## What the task requires
Write out exactly the lines from the one containing "(\<forall>B\<in>classes scale G" through the last line of the records below, including both.

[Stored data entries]
'''
(* Let $\Bbbk$ be a field, $A$ a $\Bbbk$-algebra, $\Gamma$ a subalgebra, $\sim$ an equivalence relation on $\mathrm{cfs}(\Gamma)$, and suppose $\Gamma$ is a Harish-Chandra block subalgebra of $A$ with respect to $\sim$. Let $V$ be an $A$-module and $\mathcal D\subseteq\mathrm{cfs}(\Gamma)/{\sim}$. Then $$A.\Big(\bigoplus_{B\in\mathcal D}V(B)\Big)\subseteq\bigoplus_{C\succ\mathcal D}V(C),$$ where $C\succ\mathcal D$ means $B\prec C$ for some $B\in\mathcal D$.
   Context: $\mathrm{cfs}(\Gamma)$: maximal two-sided ideals $\mathfrak m$ of $\Gamma$ with $\dim\Gamma/\mathfrak m<\infty$. For a class $B$, $\mathcal W(B)=\{\mathfrak m_1\cdots\mathfrak m_k:k\ge0,\mathfrak m_i\in B\}$. For a $\Gamma$-module $V$, $V(B)=\{v\in V:\mathfrak m v=0$ for some $\mathfrak m\in\mathcal W(B)\}$ (the sum of these is direct); $V$ is a block module if $V=\bigoplus_B V(B)$, and $\mathrm{Supp}(V)=\{B:V(B)\ne0\}$. $\Gamma$ is a Harish-Chandra block subalgebra of $A$ if $A/A\mathfrak m$ is a block module over $\Gamma$ for every $B$ and $\mathfrak m\in\mathcal W(B)$. $\prec$ is the preorder on $\mathrm{cfs}(\Gamma)/{\sim}$ generated by $B\prec C$ whenever $C\in\mathrm{Supp}(A/A\mathfrak m)$ for some $\mathfrak m\in B$. *)

theory Defs
  imports Main "HOL.Vector_Spaces"
begin

definition k_algebra :: "('k::field \<Rightarrow> 'a::ring_1 \<Rightarrow> 'a) \<Rightarrow> bool" where
  "k_algebra scale \<longleftrightarrow> vector_space scale \<and>
     (\<forall>c x y. scale c (x * y) = scale c x * y \<and> scale c (x * y) = x * scale c y)"

definition subalgebra :: "('k::field \<Rightarrow> 'a::ring_1 \<Rightarrow> 'a) \<Rightarrow> 'a set \<Rightarrow> bool" where
  "subalgebra scale G \<longleftrightarrow> 1 \<in> G \<and> 0 \<in> G \<and>
     (\<forall>x\<in>G. \<forall>y\<in>G. x + y \<in> G \<and> x - y \<in> G \<and> x * y \<in> G) \<and>
     (\<forall>c. \<forall>x\<in>G. scale c x \<in> G)"

definition two_sided_ideal :: "'a::ring_1 set \<Rightarrow> 'a set \<Rightarrow> bool" where
  "two_sided_ideal G I \<longleftrightarrow> I \<subseteq> G \<and> 0 \<in> I \<and>
     (\<forall>x\<in>I. \<forall>y\<in>I. x + y \<in> I \<and> x - y \<in> I) \<and>
     (\<forall>g\<in>G. \<forall>x\<in>I. g * x \<in> I \<and> x * g \<in> I)"

definition finite_codim :: "('k::field \<Rightarrow> 'a::ring_1 \<Rightarrow> 'a) \<Rightarrow> 'a set \<Rightarrow> 'a set \<Rightarrow> bool" where
  "finite_codim scale G I \<longleftrightarrow> (\<exists>S. finite S \<and> S \<subseteq> G \<and>
     (\<forall>x\<in>G. \<exists>c. x - (\<Sum>s\<in>S. scale (c s) s) \<in> I))"

definition cfs :: "('k::field \<Rightarrow> 'a::ring_1 \<Rightarrow> 'a) \<Rightarrow> 'a set \<Rightarrow> 'a set set" where
  "cfs scale G = {m. two_sided_ideal G m \<and> m \<noteq> G \<and>
     (\<forall>J. two_sided_ideal G J \<and> m \<subseteq> J \<longrightarrow> J = m \<or> J = G) \<and> finite_codim scale G m}"

definition ideal_mult :: "'a::ring_1 set \<Rightarrow> 'a set \<Rightarrow> 'a set" where
  "ideal_mult I J = {(\<Sum>i<n. x i * y i) | (n::nat) x y. \<forall>i<n. x i \<in> I \<and> y i \<in> J}"

inductive_set words :: "'a::ring_1 set \<Rightarrow> 'a set set \<Rightarrow> 'a set set" for G B where
  words_unit: "G \<in> words G B"
| words_step: "I \<in> words G B \<Longrightarrow> m \<in> B \<Longrightarrow> ideal_mult I m \<in> words G B"

text \<open>For the G-module V/N (action act, N a submodule), the B-part
  V(B) = {v. m v = 0 (mod N) for some m in W(B)} (as a set of representatives).\<close>
definition block_part :: "('a::ring_1 \<Rightarrow> 'v::ab_group_add \<Rightarrow> 'v) \<Rightarrow> 'v set \<Rightarrow> 'a set \<Rightarrow> 'a set set \<Rightarrow> 'v set" where
  "block_part act N G B = {v. \<exists>m\<in>words G B. \<forall>g\<in>m. act g v \<in> N}"

definition block_sum :: "('a::ring_1 \<Rightarrow> 'v::ab_group_add \<Rightarrow> 'v) \<Rightarrow> 'v set \<Rightarrow> 'a set \<Rightarrow> 'a set set set \<Rightarrow> 'v set" where
  "block_sum act N G Bs = {(\<Sum>B\<in>F. f B) | F f. finite F \<and> F \<subseteq> Bs \<and>
      (\<forall>B\<in>F. f B \<in> block_part act N G B)}"

definition block_module :: "('a::ring_1 \<Rightarrow> 'v::ab_group_add \<Rightarrow> 'v) \<Rightarrow> 'v set \<Rightarrow> 'a set \<Rightarrow> 'a set set set \<Rightarrow> bool" where
  "block_module act N G Cl \<longleftrightarrow> (\<forall>v. \<exists>w\<in>block_sum act N G Cl. v - w \<in> N)"

definition Supp :: "('a::ring_1 \<Rightarrow> 'v::ab_group_add \<Rightarrow> 'v) \<Rightarrow> 'v set \<Rightarrow> 'a set \<Rightarrow> 'a set set set \<Rightarrow> 'a set set set" where
  "Supp act N G Cl = {B \<in> Cl. \<exists>v\<in>block_part act N G B. v \<notin> N}"

definition left_ideal_gen :: "'a::ring_1 set \<Rightarrow> 'a set" where
  "left_ideal_gen m = {(\<Sum>i<n. a i * g i) | (n::nat) a g. \<forall>i<n. g i \<in> m}"

definition classes :: "('k::field \<Rightarrow> 'a::ring_1 \<Rightarrow> 'a) \<Rightarrow> 'a set \<Rightarrow> ('a set \<times> 'a set) set \<Rightarrow> 'a set set set" where
  "classes scale G R = cfs scale G // R"

definition HC_block_subalgebra :: "('k::field \<Rightarrow> 'a::ring_1 \<Rightarrow> 'a) \<Rightarrow> 'a set \<Rightarrow> ('a set \<times> 'a set) set \<Rightarrow> bool" where
  "HC_block_subalgebra scale G R \<longleftrightarrow>
     (\<forall>B\<in>classes scale G R. \<forall>m\<in>words G B.
        block_module (*) (left_ideal_gen m) G (classes scale G R))"

definition prec_step :: "('k::field \<Rightarrow> 'a::ring_1 \<Rightarrow> 'a) \<Rightarrow> 'a set \<Rightarrow> ('a set \<times> 'a set) set \<Rightarrow> ('a set set \<times> 'a set set) set" where
  "prec_step scale G R = {(B, C). B \<in> classes scale G R \<and> C \<in> classes scale G R \<and>
     (\<exists>m\<in>B. C \<in> Supp (*) (left_ideal_gen m) G (classes scale G R))}"

definition prec :: "('k::field \<Rightarrow> 'a::ring_1 \<Rightarrow> 'a) \<Rightarrow> 'a set \<Rightarrow> ('a set \<times> 'a set) set \<Rightarrow> ('a set set \<times> 'a set set) set" where
  "prec scale G R = (prec_step scale G R)\<^sup>*"

definition A_module :: "('a::ring_1 \<Rightarrow> 'v::ab_group_add \<Rightarrow> 'v) \<Rightarrow> bool" where
  "A_module act \<longleftrightarrow> (\<forall>a b v w. act (a + b) v = act a v + act b v \<and>
     act a (v + w) = act a v + act a w \<and> act (a * b) v = act a (act b v) \<and> act 1 v = v)"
'''
## Response area
     (\<forall>B\<in>classes scale G R. \<forall>m\<in>words G B.
        block_module (*) (left_ideal_gen m) G (classes scale G R))"

definition prec_step :: "('k::field \<Rightarrow> 'a::ring_1 \<Rightarrow> 'a) \<Rightarrow> 'a set \<Rightarrow> ('a set \<times> 'a set) set \<Rightarrow> ('a set set \<times> 'a set set) set" where
  "prec_step scale G R = {(B, C). B \<in> classes scale G R \<and> C \<in> classes scale G R \<and>
     (\<exists>m\<in>B. C \<in> Supp (*) (left_ideal_gen m) G (classes scale G R))}"

definition prec :: "('k::field \<Rightarrow> 'a::ring_1 \<Rightarrow> 'a) \<Rightarrow> 'a set \<Rightarrow> ('a set \<times> 'a set) set \<Rightarrow> ('a set set \<times> 'a set set) set" where
  "prec scale G R = (prec_step scale G R)\<^sup>*"

definition A_module :: "('a::ring_1 \<Rightarrow> 'v::ab_group_add \<Rightarrow> 'v) \<Rightarrow> bool" where
  "A_module act \<longleftrightarrow> (\<forall>a b v w. act (a + b) v = act a v + act b v \<and>
     act a (v + w) = act a v + act a w \<and> act (a * b) v = act a (act b v) \<and> act 1 v = v)"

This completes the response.